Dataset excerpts
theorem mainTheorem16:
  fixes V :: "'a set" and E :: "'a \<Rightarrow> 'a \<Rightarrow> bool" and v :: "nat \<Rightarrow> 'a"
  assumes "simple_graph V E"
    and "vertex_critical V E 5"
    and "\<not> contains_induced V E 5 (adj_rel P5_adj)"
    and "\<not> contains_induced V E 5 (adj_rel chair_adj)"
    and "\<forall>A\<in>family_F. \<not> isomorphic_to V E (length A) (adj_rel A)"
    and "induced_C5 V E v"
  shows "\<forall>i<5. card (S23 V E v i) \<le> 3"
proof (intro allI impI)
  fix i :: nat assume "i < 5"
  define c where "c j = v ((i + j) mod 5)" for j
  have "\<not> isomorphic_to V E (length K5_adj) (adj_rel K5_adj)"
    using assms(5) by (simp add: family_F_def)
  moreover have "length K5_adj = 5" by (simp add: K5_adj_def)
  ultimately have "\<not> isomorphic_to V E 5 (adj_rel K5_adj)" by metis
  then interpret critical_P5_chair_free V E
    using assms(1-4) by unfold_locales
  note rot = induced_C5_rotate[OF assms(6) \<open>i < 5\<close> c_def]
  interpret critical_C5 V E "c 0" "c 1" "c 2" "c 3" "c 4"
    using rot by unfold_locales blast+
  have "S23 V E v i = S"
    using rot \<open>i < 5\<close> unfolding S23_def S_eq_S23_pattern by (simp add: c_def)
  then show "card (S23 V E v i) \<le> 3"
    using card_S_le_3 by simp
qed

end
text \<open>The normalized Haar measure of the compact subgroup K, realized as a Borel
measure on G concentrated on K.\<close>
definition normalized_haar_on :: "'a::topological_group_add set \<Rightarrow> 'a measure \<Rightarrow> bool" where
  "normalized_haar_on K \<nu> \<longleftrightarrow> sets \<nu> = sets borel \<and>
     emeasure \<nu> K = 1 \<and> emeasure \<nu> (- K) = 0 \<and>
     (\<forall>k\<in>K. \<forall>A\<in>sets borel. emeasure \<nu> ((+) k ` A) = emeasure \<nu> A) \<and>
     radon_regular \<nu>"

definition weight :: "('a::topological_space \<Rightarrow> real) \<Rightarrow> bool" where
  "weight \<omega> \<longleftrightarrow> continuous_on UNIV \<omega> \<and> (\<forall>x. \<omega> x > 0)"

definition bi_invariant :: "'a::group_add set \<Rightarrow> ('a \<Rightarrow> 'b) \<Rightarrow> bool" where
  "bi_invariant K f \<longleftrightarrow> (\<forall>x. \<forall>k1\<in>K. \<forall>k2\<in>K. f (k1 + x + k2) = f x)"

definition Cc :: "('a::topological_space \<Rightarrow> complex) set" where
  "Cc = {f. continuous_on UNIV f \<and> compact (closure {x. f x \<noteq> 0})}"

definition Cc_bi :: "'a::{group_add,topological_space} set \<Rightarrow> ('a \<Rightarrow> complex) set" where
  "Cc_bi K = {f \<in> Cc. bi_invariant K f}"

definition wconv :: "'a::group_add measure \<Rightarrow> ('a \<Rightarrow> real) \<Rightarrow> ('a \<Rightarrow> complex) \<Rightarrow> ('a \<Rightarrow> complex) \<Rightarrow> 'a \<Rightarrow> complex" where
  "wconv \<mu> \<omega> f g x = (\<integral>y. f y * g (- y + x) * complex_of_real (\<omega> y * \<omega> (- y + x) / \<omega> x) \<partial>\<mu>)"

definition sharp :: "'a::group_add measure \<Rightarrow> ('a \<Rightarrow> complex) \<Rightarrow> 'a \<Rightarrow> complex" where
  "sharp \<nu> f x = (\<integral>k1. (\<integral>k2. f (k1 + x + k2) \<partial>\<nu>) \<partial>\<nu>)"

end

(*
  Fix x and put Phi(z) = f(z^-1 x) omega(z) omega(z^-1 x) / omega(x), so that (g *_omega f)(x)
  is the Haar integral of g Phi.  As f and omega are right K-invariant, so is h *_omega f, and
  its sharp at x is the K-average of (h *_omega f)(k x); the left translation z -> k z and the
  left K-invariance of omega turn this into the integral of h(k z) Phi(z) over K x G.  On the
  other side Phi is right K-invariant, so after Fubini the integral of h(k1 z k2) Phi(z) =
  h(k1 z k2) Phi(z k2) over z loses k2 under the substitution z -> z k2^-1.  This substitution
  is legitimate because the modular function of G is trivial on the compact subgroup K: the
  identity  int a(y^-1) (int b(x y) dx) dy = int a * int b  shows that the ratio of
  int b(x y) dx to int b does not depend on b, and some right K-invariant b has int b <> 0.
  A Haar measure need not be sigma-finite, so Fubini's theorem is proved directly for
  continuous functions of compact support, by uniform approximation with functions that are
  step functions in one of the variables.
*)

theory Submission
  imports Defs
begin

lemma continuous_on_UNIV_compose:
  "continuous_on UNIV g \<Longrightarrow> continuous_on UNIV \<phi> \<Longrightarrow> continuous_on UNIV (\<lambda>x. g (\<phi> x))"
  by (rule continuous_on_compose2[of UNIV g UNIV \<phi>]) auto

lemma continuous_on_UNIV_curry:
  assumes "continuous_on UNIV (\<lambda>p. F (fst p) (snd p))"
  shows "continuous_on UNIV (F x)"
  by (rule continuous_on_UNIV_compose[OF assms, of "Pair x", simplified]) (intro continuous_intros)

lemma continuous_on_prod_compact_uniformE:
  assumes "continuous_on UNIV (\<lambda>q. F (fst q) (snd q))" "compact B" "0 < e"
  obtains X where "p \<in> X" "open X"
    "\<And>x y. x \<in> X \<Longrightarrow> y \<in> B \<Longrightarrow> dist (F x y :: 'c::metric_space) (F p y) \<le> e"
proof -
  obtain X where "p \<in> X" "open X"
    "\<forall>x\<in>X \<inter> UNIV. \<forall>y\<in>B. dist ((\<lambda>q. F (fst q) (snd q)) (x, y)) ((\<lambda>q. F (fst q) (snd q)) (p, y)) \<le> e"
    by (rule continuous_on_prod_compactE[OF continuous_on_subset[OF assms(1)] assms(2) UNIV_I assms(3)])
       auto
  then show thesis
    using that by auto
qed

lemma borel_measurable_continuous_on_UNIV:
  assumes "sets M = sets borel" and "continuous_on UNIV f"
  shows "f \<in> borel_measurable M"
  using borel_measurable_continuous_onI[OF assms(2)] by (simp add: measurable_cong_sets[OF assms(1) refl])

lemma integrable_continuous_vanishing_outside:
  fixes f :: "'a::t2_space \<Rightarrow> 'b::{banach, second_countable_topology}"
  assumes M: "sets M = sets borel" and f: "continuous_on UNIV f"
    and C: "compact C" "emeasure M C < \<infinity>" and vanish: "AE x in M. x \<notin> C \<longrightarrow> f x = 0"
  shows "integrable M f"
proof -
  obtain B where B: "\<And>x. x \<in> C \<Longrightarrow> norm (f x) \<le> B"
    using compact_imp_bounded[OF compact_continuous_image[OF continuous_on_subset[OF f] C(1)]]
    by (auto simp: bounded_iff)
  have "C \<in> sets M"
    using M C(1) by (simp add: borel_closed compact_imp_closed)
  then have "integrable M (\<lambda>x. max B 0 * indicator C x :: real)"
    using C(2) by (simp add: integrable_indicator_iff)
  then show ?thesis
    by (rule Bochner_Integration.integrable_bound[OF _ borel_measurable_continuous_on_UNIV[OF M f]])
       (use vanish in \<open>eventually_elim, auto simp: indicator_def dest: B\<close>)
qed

# [YOUR GOAL]
Copy the stretch of the records above that runs from the line with "Cc. bi_invariant K" through the line with "x = (\<integral>y.". Both end lines belong in the copy, and nothing else does.

# [SOLUTION TO THE EXERCISE]
  "Cc_bi K = {f \<in> Cc. bi_invariant K f}"

definition wconv :: "'a::group_add measure \<Rightarrow> ('a \<Rightarrow> real) \<Rightarrow> ('a \<Rightarrow> complex) \<Rightarrow> ('a \<Rightarrow> complex) \<Rightarrow> 'a \<Rightarrow> complex" where
  "wconv \<mu> \<omega> f g x = (\<integral>y. f y * g (- y + x) * complex_of_real (\<omega> y * \<omega> (- y + x) / \<omega> x) \<partial>\<mu>)"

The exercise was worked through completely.